[Activity]: Start at the line with "using assms(1) by (intro nn_integral_eq_integral[symmetric])" in the records below, stop at the line with "using assms(2) by", and return every line in that span exactly, the two end lines included.

※ ※ ※

text \<open>Since f^* \<ge> -f(0), the integral is taken as the (always defined) nonnegative integral of
  f^* + f(0), minus f(0) (Q is a probability measure).\<close>
definition objective ::
  "(real \<Rightarrow> real) \<Rightarrow> ('y \<Rightarrow> 'y \<Rightarrow> real) \<Rightarrow> ('a \<Rightarrow> 'x \<Rightarrow> 'y) \<Rightarrow> ('x \<times> 'y) list
     \<Rightarrow> 'a measure \<Rightarrow> real \<Rightarrow> real \<Rightarrow> ereal" where
  "objective f loss h z Q lam \<beta> =
     ereal lam * (enn2ereal (\<integral>\<^sup>+\<theta>. e2ennreal (fstar f (- (\<beta> + emp_risk loss h z \<theta>) / lam) + ereal (f 0)) \<partial>Q)
                - ereal (f 0)) + ereal \<beta>"

end

theory Submission
  imports Defs
begin

text \<open>
  Put \<open>t = -(N + L)/\<lambda>\<close> and \<open>x = fdot_inv f \<circ> t\<close>, so that \<open>f'(x) = t\<close> on the support
  of \<open>Q\<close>. The tangent inequality of the convex \<open>f\<close> at \<open>x\<close> gives the Fenchel equality
  \<open>f\<^sup>*(t) = t x - f(x)\<close>, while Fenchel-Young gives \<open>f\<^sup>*(t + c) \<ge> t x - f(x) + c x\<close> for
  every \<open>c\<close>. Integrating and using \<open>\<integral> x dQ = 1\<close> yields
  \<open>\<integral> f\<^sup>*(t + c) dQ \<ge> \<integral> f\<^sup>*(t) dQ + c\<close>, which for \<open>c = (N - \<beta>)/\<lambda>\<close> is the claim.
  Since \<open>L \<ge> 0\<close> bounds \<open>t\<close> above, \<open>f\<^sup>*(t)\<close> is dominated by an affine function of \<open>x\<close>
  and hence integrable.
  \<open>N\<close> is well defined because \<open>fdot_inv f\<close> is strictly increasing: two solutions of (b)
  would give densities that are a.e. strictly ordered yet both integrate to 1.
\<close>

lemma convex_on_fdot_tangent:
  fixes f :: "real \<Rightarrow> real"
  assumes "convex_on {0..} f" and "f differentiable (at c)" and "0 < c" and "0 \<le> y"
  shows "f c + fdot f c * (y - c) \<le> f y"
proof -
  have "(f has_real_derivative fdot f c) (at c within {0..})"
    using assms(2) unfolding fdot_def
    by (simp add: DERIV_deriv_iff_real_differentiable has_field_derivative_at_within)
  with assms show ?thesis
    using convex_on_imp_above_tangent[of "{0..}" f c] by (force simp: is_interval_connected)
qed

lemma fdot_mono:
  fixes f :: "real \<Rightarrow> real"
  assumes cv: "convex_on {0..} f" and d: "\<And>y. 0 < y \<Longrightarrow> f differentiable (at y)"
    and "0 < x" and "x \<le> y"
  shows "fdot f x \<le> fdot f y"
proof -
  have "f x + fdot f x * (y - x) \<le> f y" "f y + fdot f y * (x - y) \<le> f x"
    using convex_on_fdot_tangent[OF cv d] assms(3,4) by auto
  then have "0 \<le> (fdot f y - fdot f x) * (y - x)" by (simp add: algebra_simps)
  with \<open>x \<le> y\<close> show ?thesis by (cases "x = y") (auto simp: zero_le_mult_iff)
qed

lemma fdot_inv_pos: "t \<in> fdot f ` {0<..} \<Longrightarrow> 0 < fdot_inv f t"
  unfolding fdot_inv_def using inv_into_into[of t "fdot f" "{0<..}"] by simp

lemma fdot_fdot_inv: "t \<in> fdot f ` {0<..} \<Longrightarrow> fdot f (fdot_inv f t) = t"
  unfolding fdot_inv_def by (rule f_inv_into_f)

lemma fdot_inv_less:
  fixes f :: "real \<Rightarrow> real"
  assumes cv: "convex_on {0..} f" and d: "\<And>y. 0 < y \<Longrightarrow> f differentiable (at y)"
    and s: "s \<in> fdot f ` {0<..}" and t: "t \<in> fdot f ` {0<..}" and "s < t"
  shows "fdot_inv f s < fdot_inv f t"
proof (rule ccontr)
  assume "\<not> fdot_inv f s < fdot_inv f t"
  then have "fdot f (fdot_inv f t) \<le> fdot f (fdot_inv f s)"
    using fdot_mono[OF cv d] fdot_inv_pos[OF t] by simp
  with \<open>s < t\<close> show False by (simp add: fdot_fdot_inv s t)
qed

lemma fenchel_young: "0 \<le> y \<Longrightarrow> ereal (t * y - f y) \<le> fstar f t"
  unfolding fstar_def by (rule SUP_upper) simp

lemma fstar_fdot:
  fixes f :: "real \<Rightarrow> real"
  assumes cv: "convex_on {0..} f" and d: "\<And>y. 0 < y \<Longrightarrow> f differentiable (at y)" and "0 < x"
  shows "fstar f (fdot f x) = ereal (fdot f x * x - f x)"
proof (rule antisym)
  show "fstar f (fdot f x) \<le> ereal (fdot f x * x - f x)"
    unfolding fstar_def
  proof (rule SUP_least)
    fix y :: real assume "y \<in> {0..}"
    then have "f x + fdot f x * (y - x) \<le> f y"
      using convex_on_fdot_tangent[OF cv d] \<open>0 < x\<close> by simp
    then show "ereal (fdot f x * y - f y) \<le> ereal (fdot f x * x - f x)"
      by (simp add: algebra_simps)
  qed
  show "ereal (fdot f x * x - f x) \<le> fstar f (fdot f x)"
    using \<open>0 < x\<close> by (intro fenchel_young) simp
qed

lemma fenchel_value_bounds:
  fixes f :: "real \<Rightarrow> real"
  assumes cv: "convex_on {0..} f" and d: "\<And>y. 0 < y \<Longrightarrow> f differentiable (at y)"
    and "0 < x" and "fdot f x \<le> s"
  shows "0 \<le> fdot f x * x - f x + f 0"
    and "fdot f x * x - f x + f 0 \<le> (s - fdot f 1) * x + fdot f 1 - f 1 + f 0"
proof -
  have "f x + fdot f x * (0 - x) \<le> f 0" "f 1 + fdot f 1 * (x - 1) \<le> f x"
    using convex_on_fdot_tangent[OF cv d, of x 0] convex_on_fdot_tangent[OF cv d, of 1 x] \<open>0 < x\<close>
    by auto
  moreover have "fdot f x * x \<le> s * x"
    using \<open>0 < x\<close> \<open>fdot f x \<le> s\<close> by (simp add: mult_right_mono)
  ultimately show "0 \<le> fdot f x * x - f x + f 0"
    and "fdot f x * x - f x + f 0 \<le> (s - fdot f 1) * x + fdot f 1 - f 1 + f 0"
    by (simp_all add: algebra_simps)
qed

lemma AE_in_supp:
  fixes Q :: "'a::{metric_space, second_countable_topology} measure"
  assumes sQ: "sets Q = sets (restrict_space borel M)"
  shows "AE \<theta> in Q. \<theta> \<in> supp Q"
proof -
  have space_Q: "space Q = M"
    using sets_eq_imp_space_eq[OF sQ] by (simp add: space_restrict_space)
  have open_meas: "C \<inter> M \<in> sets Q" if "open C" for C
    using that unfolding sQ sets_restrict_space by auto
  obtain B :: "'a set set" where "countable B" and B_open: "\<And>C. C \<in> B \<Longrightarrow> open C"
    and B_basis: "\<And>S. open S \<Longrightarrow> \<exists>U. U \<subseteq> B \<and> S = \<Union>U"
    using univ_second_countable by blast
  let ?null = "{C \<in> B. emeasure Q (C \<inter> M) = 0}"
  have "(\<Union>C\<in>?null. C \<inter> M) \<in> null_sets Q"
    using \<open>countable B\<close> B_open open_meas by (intro null_sets_UN') auto
  then show ?thesis
  proof (rule AE_I', safe)
    fix \<theta> assume "\<theta> \<in> space Q" "\<theta> \<notin> supp Q"
    then obtain e where "0 < e" and ball_null: "emeasure Q (ball \<theta> e \<inter> M) = 0"
      unfolding supp_def space_Q by (auto simp: not_gr_zero)
    obtain U where "U \<subseteq> B" "ball \<theta> e = \<Union>U" using B_basis[of "ball \<theta> e"] by auto
    with \<open>0 < e\<close> obtain C where "C \<in> B" "\<theta> \<in> C" "C \<subseteq> ball \<theta> e"
      by (metis UnionE Union_upper centre_in_ball subsetD)
    then have "emeasure Q (C \<inter> M) \<le> emeasure Q (ball \<theta> e \<inter> M)"
      using B_open by (intro emeasure_mono open_meas) auto
    with ball_null \<open>C \<in> B\<close> \<open>\<theta> \<in> C\<close> \<open>\<theta> \<in> space Q\<close> space_Q
    show "\<theta> \<in> (\<Union>C\<in>?null. C \<inter> M)" by auto
  qed
qed

lemma borel_measurable_comp_on_pos:
  fixes f :: "real \<Rightarrow> real"
  assumes "continuous_on {0<..} f" and "x \<in> borel_measurable M"
  shows "(\<lambda>\<theta>. if 0 < x \<theta> then f (x \<theta>) else 0) \<in> borel_measurable M"
  using measurable_compose[OF assms(2) borel_measurable_continuous_on_if[of "{0<..}" f "\<lambda>_. 0"]]
    assms(1) by simp

lemma ereal_integral_le_nn_integral:
  fixes g :: "'a \<Rightarrow> real" and u :: "'a \<Rightarrow> ereal"
  assumes "integrable M g" and "AE \<theta> in M. ereal (g \<theta>) \<le> u \<theta>"
  shows "ereal (integral\<^sup>L M g) \<le> enn2ereal (\<integral>\<^sup>+\<theta>. e2ennreal (u \<theta>) \<partial>M)"
proof -
  let ?r = "integral\<^sup>L M (\<lambda>\<theta>. max 0 (g \<theta>))"
  have "ennreal ?r = (\<integral>\<^sup>+\<theta>. ennreal (max 0 (g \<theta>)) \<partial>M)"
    using assms(1) by (intro nn_integral_eq_integral[symmetric]) auto
  also have "\<dots> = (\<integral>\<^sup>+\<theta>. ennreal (g \<theta>) \<partial>M)"
    by (simp add: ennreal_max_0)
  also have "\<dots> \<le> (\<integral>\<^sup>+\<theta>. e2ennreal (u \<theta>) \<partial>M)"
    using assms(2) by (intro nn_integral_mono_AE) (auto elim!: eventually_mono dest: e2ennreal_mono)
  finally have "ereal ?r \<le> enn2ereal (\<integral>\<^sup>+\<theta>. e2ennreal (u \<theta>) \<partial>M)"
    by (simp add: less_eq_ennreal.rep_eq)
  moreover have "integral\<^sup>L M g \<le> ?r"
    using assms(1) by (intro integral_mono) auto
  ultimately show ?thesis by (meson ereal_less_eq(3) order_trans)
qed

definition fstar_integral :: "(real \<Rightarrow> real) \<Rightarrow> 'a measure \<Rightarrow> ('a \<Rightarrow> real) \<Rightarrow> ereal" where
  "fstar_integral f Q t = enn2ereal (\<integral>\<^sup>+\<theta>. e2ennreal (fstar f (t \<theta>) + ereal (f 0)) \<partial>Q) - ereal (f 0)"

※ ※ ※

[Written answer]:
    using assms(1) by (intro nn_integral_eq_integral[symmetric]) auto
  also have "\<dots> = (\<integral>\<^sup>+\<theta>. ennreal (g \<theta>) \<partial>M)"
    by (simp add: ennreal_max_0)
  also have "\<dots> \<le> (\<integral>\<^sup>+\<theta>. e2ennreal (u \<theta>) \<partial>M)"
    using assms(2) by (intro nn_integral_mono_AE) (auto elim!: eventually_mono dest: e2ennreal_mono)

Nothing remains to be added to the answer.